F-150
It’d be like Justin Timberlake making a country record.
What kind of crazy fucked up world do we live in where all the creativity comes in business, and the artists keep repeating themselves, hoping that they’ll get a different result?
One in which T-Mobile’s John Legere is shaking up the wireless industry and the automobile market leader, Ford, is revolutionizing its F-150 pickup.
This is what musicians used to do. Remember the Beatles? One thing we knew about that band is every album would be different, they didn’t repeat themselves, and unlike every other sixties group, they’re gonna last.
The F-150 has been the best selling automobile for thirty two years straight in the United States. It accounts for forty percent of Ford’s profits. You don’t mess with an icon, do you?
OF COURSE YOU DO!
Because Ford could see the handwriting on the wall. That stringent fuel economy laws are going to apply and the public is wary of high gas prices. So they switched the body to aluminum, downsized the engines and got five more miles per gallon than their competitors. Sound like a triumph?
IT DOES TO ME!
But the customers won’t like it! They’re used to their steel trucks! They want big, V8 engines! Never mess with a successful product!
But this is how Detroit got its lunch eaten by Japan in the first place.
This is all about the power of the individual, Alan Mulally. Who reengineered Ford’s finances, who did not take money from the government, who authorized this plan.
With all this hogwash about teams and getting along, the truth is triumphs are always the domain of individual visionaries. From Steve Jobs to Mr. Mulally. If you’re looking for consensus, you’re headed for mediocrity, or failure.
Kind of like today’s music.
How many people wrote the song? The label weighed in with its input?

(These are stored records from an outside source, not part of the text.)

definition high_above :: "point set \<Rightarrow> point set \<Rightarrow> bool" where
  "high_above X Y \<longleftrightarrow>
     (\<forall>p\<in>X. \<forall>q\<in>X. p \<noteq> q \<longrightarrow> (\<forall>y\<in>Y. strictly_below_line p q y)) \<and>
     (\<forall>p\<in>Y. \<forall>q\<in>Y. p \<noteq> q \<longrightarrow> (\<forall>x\<in>X. strictly_above_line p q x))"

definition strictly_right_of :: "point set \<Rightarrow> point set \<Rightarrow> bool" where
  "strictly_right_of R L \<longleftrightarrow> (\<forall>a\<in>L. \<forall>b\<in>R. fst a < fst b)"

fun S :: "nat \<Rightarrow> nat \<Rightarrow> point set" where
  "S k l = (if k \<le> 2 \<or> l \<le> 2 then {(0, 0)}
            else S (k - 1) l \<union> shift (delta (k + l - 1)) (delta' (k + l - 1)) ` S k (l - 1))"

declare S.simps [simp del]

definition L_part :: "nat \<Rightarrow> nat \<Rightarrow> point set" where
  "L_part k l = S (k - 1) l"

definition R_part :: "nat \<Rightarrow> nat \<Rightarrow> point set" where
  "R_part k l = shift (delta (k + l - 1)) (delta' (k + l - 1)) ` S k (l - 1)"

end

theory Submission imports Defs begin

text \<open>Every point of \<open>P m\<close> lies on or below the line \<open>y = (m + k) x\<close>, by at most
  \<open>k (4^m - 1)\<close>, for every \<open>k > 0\<close>. The translation \<open>(delta (m+1), delta' (m+1))\<close> has
  slope \<open>m + 4/3\<close>; with \<open>k = 1\<close> this surplus outweighs the bounded deviation, so every
  segment from a point of \<open>P m\<close> to a translated point of \<open>P m\<close> has slope above \<open>m + 1\<close>,
  while (with \<open>k = 2\<close>, by induction) every segment inside \<open>P m\<close> has slope below \<open>m + 1\<close>.
  Two point sets separated by a slope in this way lie high above one another, and
  \<open>S k l\<close> is the union of a subset of \<open>P (k + l - 2)\<close> and a translate of another one.\<close>

definition slope :: "point \<Rightarrow> point \<Rightarrow> real" where
  "slope p q = real_of_int (snd q - snd p) / real_of_int (fst q - fst p)"

lemma slope_commute: "slope p q = slope q p"
proof -
  have "real_of_int (snd q - snd p) / real_of_int (fst q - fst p)
      = (- real_of_int (snd p - snd q)) / (- real_of_int (fst p - fst q))"
    by simp
  then show ?thesis
    unfolding slope_def by (simp only: minus_divide_divide)
qed

lemma less_slope_iff:
  "fst p < fst q \<Longrightarrow> c < slope p q \<longleftrightarrow> c * real_of_int (fst q - fst p) < real_of_int (snd q - snd p)"
  unfolding slope_def by (simp add: pos_less_divide_eq)

lemma slope_less_iff:
  "fst p < fst q \<Longrightarrow> slope p q < c \<longleftrightarrow> real_of_int (snd q - snd p) < c * real_of_int (fst q - fst p)"
  unfolding slope_def by (simp add: pos_divide_less_eq)

lemma of_int_less_slope_iff:
  "fst p < fst q \<Longrightarrow> of_int c < slope p q \<longleftrightarrow> c * (fst q - fst p) < snd q - snd p"
  unfolding less_slope_iff of_int_mult[symmetric] of_int_less_iff ..

lemma slope_less_of_int_iff:
  "fst p < fst q \<Longrightarrow> slope p q < of_int c \<longleftrightarrow> snd q - snd p < c * (fst q - fst p)"
  unfolding slope_less_iff of_int_mult[symmetric] of_int_less_iff ..

lemma strictly_below_line_iff_slope:
  "strictly_below_line p q z \<longleftrightarrow> fst p \<noteq> fst q \<and>
     real_of_int (snd z) < real_of_int (snd p) + slope p q * real_of_int (fst z - fst p)"
  unfolding strictly_below_line_def slope_def by (simp only: of_int_diff)

lemma strictly_above_line_iff_slope:
  "strictly_above_line p q z \<longleftrightarrow> fst p \<noteq> fst q \<and>
     real_of_int (snd p) + slope p q * real_of_int (fst z - fst p) < real_of_int (snd z)"
  unfolding strictly_above_line_def slope_def by (simp only: of_int_diff)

No wonder it’s headed for the middle of the market and soon to be forgotten. No one’s betting the farm in music, they’re all just hoping the same crops grow until they retire.
Doug Morris, our lauded leader, looks back more than forward. I’d like to know what apps he uses on his iPhone.
Lucian Grainge is positively old school. Let me see… I’ll buy up market share and pay for the best artists. Not a bad strategy, but not a revolutionary strategy.
Hell, look at Jim Dolan in the concert space. He’s investing when everybody else is crying. Who else is gonna spend a hundred million to redo the Forum? Look what he did to the Beacon. People want to go to a first class venue and be treated right, but most concerts are held in places akin to prisons.
But it’s the music that gets them there…
And what we’ve got is classic rock acts and a bunch of spectacle. Yup, most new shows are like the circus, with dancing and acrobatics…can you hear me Pink? What’s that got to do with what goes in the ears?
But too many people have watched reality singing competitions. They think being beautiful is a prerequisite to making it. And if you can blow the door down like one of the three little pigs, you’re ready.
Look at country, where they’re replicating the rock sound of the seventies while leaving the outlaws out. Talk about a controlled environment.
As for rock, it’s already dead.
At least there’s a bit of innovation in EDM.
As for hip-hop… The goal is to sell out. If music isn’t enough for you, I don’t want to listen.
So what we’ve got is people salivating over the latest tech products. Companies thinking outside the box because they know competition is fierce. We’re wowed on a regular basis.
But in music, all we’ve got is complaints! They’re stealing my music, they won’t listen to the whole album…
Want me to listen to the whole album?
MAKE IT DIFFERENT! MAKE IT INTRIGUING! TAKE A RISK!
But the only people willing to take risks are the untalented who have not made it.
Every day I read about ridiculous albums I don’t need to hear. Kind of like Peter Gabriel’s cover album and its reverse. Huh? MAKE NEW MUSIC PETER! YOU USED TO TEST LIMITS, NOW YOU’RE ABOUT COMMERCE!
As for the new acts… Tell me what Dave Grohl and the Foo Fighters have done that’s any different from what transpired forty years ago. So he’s a good imitation of what once was. SO WHAT!
You can’t buy a Chevy Vega and no one wants the Ford Pinto.
But we keep putting a new body on musical trash and expect the public to get excited about it.
The problem is us.
P.S. You want an aluminum auto body? Then get a Tesla Model S, Audi A8 or a Jaguar, no mainstream automobile features one. Because they’re expensive and hard to work on. So what we’ve got here is a mainstream company LEADING the public to a new world for the benefit of all. Do you see that in music? The land of the compliant? Where what’s featured on radio today ain’t much different from what Mariah Carey was doing two decades ago?